> _What you will do_
Look through the entries below and extract exactly the lines from the one containing "k) \<le> real" through the one containing "(cases k) auto", ends included.

> _Records excerpted from a collection_
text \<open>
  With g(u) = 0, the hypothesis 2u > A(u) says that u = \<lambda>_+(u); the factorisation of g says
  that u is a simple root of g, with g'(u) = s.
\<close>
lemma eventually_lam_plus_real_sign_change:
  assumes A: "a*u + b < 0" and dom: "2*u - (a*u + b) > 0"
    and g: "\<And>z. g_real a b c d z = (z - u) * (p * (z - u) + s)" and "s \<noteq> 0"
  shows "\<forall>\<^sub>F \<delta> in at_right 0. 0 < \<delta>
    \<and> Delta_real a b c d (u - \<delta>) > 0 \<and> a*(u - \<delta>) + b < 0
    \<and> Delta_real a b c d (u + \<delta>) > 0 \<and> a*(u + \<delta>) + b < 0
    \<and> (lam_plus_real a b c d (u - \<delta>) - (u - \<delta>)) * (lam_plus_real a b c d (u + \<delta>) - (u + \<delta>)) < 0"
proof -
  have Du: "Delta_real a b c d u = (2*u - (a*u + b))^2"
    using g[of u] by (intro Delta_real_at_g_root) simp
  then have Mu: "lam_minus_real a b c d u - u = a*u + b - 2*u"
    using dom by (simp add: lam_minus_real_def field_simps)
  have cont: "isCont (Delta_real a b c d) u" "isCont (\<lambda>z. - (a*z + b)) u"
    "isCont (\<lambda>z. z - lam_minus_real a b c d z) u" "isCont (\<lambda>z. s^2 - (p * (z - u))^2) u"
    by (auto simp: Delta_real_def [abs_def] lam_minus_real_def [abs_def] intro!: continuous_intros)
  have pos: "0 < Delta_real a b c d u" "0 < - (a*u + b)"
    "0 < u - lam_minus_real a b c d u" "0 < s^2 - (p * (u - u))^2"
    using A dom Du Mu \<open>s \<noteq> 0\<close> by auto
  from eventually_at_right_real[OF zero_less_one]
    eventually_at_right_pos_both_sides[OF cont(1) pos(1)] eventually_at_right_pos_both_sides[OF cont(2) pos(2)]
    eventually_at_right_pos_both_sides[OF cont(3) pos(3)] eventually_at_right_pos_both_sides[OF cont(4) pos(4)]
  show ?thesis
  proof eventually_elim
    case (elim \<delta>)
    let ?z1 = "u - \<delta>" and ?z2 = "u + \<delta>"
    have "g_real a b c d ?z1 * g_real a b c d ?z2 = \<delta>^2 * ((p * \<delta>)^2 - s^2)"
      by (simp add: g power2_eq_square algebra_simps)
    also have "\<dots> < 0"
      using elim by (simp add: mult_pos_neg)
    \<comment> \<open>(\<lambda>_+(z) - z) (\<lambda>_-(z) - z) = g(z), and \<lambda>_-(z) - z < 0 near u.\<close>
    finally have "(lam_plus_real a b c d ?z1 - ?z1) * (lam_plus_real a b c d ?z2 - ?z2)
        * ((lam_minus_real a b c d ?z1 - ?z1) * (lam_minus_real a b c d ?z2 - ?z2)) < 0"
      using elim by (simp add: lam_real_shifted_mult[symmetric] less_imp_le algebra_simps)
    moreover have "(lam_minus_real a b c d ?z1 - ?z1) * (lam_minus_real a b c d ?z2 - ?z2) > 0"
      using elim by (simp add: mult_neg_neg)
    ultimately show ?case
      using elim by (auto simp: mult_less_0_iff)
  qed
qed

...

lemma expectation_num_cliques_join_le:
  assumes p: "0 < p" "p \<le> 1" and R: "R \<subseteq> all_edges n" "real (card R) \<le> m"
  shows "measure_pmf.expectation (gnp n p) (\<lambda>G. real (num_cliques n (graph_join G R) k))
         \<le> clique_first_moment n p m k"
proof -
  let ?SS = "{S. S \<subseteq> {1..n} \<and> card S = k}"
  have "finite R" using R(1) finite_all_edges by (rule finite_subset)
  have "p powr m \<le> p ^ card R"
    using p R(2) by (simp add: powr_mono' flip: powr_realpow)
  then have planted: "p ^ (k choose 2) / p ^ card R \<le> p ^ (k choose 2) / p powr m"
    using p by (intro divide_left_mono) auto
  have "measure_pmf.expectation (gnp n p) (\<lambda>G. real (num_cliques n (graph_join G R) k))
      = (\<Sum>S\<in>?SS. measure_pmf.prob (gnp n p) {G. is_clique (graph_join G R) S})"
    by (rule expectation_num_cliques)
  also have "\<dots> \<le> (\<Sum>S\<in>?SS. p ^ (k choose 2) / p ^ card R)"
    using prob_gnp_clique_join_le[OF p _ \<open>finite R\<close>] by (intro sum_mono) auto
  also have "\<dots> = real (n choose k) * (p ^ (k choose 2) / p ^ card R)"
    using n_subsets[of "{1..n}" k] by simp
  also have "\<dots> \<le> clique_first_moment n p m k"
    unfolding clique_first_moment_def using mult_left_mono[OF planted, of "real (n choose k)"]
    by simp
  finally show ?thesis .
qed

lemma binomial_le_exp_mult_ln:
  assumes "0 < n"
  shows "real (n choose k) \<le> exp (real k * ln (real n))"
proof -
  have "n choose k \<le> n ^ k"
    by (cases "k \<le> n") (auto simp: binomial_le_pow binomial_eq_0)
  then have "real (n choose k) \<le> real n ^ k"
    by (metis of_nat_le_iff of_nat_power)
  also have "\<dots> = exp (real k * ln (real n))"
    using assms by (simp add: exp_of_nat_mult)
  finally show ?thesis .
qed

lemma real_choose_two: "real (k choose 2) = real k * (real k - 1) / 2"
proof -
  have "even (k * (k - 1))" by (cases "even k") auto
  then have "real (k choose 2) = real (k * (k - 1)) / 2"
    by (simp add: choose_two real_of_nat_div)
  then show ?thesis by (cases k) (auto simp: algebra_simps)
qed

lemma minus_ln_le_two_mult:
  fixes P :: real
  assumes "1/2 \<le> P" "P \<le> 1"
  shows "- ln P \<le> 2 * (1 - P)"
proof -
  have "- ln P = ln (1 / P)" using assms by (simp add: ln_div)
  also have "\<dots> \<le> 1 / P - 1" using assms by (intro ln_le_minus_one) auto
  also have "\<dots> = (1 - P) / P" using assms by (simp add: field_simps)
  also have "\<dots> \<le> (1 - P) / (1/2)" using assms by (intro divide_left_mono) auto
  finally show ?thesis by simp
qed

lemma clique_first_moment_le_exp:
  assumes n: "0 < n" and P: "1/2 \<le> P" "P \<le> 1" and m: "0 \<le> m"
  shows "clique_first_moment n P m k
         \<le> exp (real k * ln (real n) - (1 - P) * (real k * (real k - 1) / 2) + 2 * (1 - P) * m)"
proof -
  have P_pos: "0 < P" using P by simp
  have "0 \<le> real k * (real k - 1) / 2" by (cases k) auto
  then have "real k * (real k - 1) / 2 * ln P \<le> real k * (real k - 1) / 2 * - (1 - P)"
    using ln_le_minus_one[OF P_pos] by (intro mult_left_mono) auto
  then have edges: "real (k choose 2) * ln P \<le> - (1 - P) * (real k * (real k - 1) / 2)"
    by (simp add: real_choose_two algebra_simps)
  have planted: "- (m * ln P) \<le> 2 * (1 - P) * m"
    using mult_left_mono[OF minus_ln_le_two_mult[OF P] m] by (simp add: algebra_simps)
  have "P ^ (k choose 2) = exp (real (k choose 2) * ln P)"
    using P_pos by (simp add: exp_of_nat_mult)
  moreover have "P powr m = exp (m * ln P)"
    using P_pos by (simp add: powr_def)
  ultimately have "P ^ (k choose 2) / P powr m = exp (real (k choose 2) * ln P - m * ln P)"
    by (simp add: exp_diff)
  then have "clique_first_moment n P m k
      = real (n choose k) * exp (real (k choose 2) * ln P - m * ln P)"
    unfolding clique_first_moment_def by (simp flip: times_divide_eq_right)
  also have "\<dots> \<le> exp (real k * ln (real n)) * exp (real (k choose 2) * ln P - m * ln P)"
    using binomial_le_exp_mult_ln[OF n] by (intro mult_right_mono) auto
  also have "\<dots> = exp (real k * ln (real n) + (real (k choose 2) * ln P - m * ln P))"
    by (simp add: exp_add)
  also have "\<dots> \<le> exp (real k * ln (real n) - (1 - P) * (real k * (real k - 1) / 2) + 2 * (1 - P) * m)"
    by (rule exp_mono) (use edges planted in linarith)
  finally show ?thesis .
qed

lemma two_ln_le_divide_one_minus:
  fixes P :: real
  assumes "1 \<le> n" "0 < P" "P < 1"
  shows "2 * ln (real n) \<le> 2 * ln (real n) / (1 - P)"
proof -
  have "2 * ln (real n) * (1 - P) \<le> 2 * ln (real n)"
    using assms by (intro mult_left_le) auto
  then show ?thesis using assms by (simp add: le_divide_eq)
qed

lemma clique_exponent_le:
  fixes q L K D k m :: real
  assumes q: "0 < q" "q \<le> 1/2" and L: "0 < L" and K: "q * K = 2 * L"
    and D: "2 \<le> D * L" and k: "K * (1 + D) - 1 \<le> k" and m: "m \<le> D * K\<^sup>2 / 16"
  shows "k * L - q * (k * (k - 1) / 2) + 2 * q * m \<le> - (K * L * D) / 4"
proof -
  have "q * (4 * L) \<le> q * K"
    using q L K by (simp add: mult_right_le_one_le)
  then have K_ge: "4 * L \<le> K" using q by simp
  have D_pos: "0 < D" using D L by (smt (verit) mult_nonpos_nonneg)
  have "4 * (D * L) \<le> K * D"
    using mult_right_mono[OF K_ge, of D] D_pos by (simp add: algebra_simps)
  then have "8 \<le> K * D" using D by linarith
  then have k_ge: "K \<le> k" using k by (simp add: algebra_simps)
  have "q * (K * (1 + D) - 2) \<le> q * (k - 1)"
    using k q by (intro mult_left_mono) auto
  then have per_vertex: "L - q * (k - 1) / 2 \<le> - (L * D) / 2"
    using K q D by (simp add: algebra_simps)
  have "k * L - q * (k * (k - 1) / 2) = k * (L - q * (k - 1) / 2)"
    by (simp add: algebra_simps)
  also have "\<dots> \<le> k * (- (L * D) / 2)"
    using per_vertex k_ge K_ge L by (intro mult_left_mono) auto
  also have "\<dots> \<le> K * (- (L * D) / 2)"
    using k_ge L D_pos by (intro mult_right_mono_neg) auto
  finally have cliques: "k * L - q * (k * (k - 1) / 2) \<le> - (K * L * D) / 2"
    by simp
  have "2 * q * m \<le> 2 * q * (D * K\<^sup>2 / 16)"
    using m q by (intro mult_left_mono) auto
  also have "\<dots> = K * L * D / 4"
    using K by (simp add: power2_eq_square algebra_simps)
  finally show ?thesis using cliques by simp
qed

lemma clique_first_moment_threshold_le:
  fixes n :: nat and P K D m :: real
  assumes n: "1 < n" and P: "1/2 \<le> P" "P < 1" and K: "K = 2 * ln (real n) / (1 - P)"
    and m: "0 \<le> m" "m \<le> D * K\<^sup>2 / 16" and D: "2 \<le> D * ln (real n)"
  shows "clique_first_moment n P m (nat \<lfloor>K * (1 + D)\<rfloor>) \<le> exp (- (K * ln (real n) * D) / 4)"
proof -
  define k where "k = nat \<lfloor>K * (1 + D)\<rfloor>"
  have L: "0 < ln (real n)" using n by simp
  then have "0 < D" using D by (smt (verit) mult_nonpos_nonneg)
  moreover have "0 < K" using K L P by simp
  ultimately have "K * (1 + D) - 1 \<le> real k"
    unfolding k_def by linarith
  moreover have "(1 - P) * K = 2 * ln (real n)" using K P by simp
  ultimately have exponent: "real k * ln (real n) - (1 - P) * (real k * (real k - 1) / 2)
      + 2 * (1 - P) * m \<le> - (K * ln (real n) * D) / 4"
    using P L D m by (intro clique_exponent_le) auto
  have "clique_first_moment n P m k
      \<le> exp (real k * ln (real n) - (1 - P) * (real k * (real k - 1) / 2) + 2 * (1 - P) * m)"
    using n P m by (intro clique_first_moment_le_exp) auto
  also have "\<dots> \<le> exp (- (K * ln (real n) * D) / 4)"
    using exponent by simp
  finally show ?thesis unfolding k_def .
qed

> _Answer below_
  then have "real (n choose k) \<le> real n ^ k"
    by (metis of_nat_le_iff of_nat_power)
  also have "\<dots> = exp (real k * ln (real n))"
    using assms by (simp add: exp_of_nat_mult)
  finally show ?thesis .
qed

lemma real_choose_two: "real (k choose 2) = real k * (real k - 1) / 2"
proof -
  have "even (k * (k - 1))" by (cases "even k") auto
  then have "real (k choose 2) = real (k * (k - 1)) / 2"
    by (simp add: choose_two real_of_nat_div)
  then show ?thesis by (cases k) (auto simp: algebra_simps)
qed

lemma minus_ln_le_two_mult:
  fixes P :: real
  assumes "1/2 \<le> P" "P \<le> 1"
  shows "- ln P \<le> 2 * (1 - P)"
proof -
  have "- ln P = ln (1 / P)" using assms by (simp add: ln_div)
  also have "\<dots> \<le> 1 / P - 1" using assms by (intro ln_le_minus_one) auto
  also have "\<dots> = (1 - P) / P" using assms by (simp add: field_simps)
  also have "\<dots> \<le> (1 - P) / (1/2)" using assms by (intro divide_left_mono) auto
  finally show ?thesis by simp
qed

lemma clique_first_moment_le_exp:
  assumes n: "0 < n" and P: "1/2 \<le> P" "P \<le> 1" and m: "0 \<le> m"
  shows "clique_first_moment n P m k
         \<le> exp (real k * ln (real n) - (1 - P) * (real k * (real k - 1) / 2) + 2 * (1 - P) * m)"
proof -
  have P_pos: "0 < P" using P by simp
  have "0 \<le> real k * (real k - 1) / 2" by (cases k) auto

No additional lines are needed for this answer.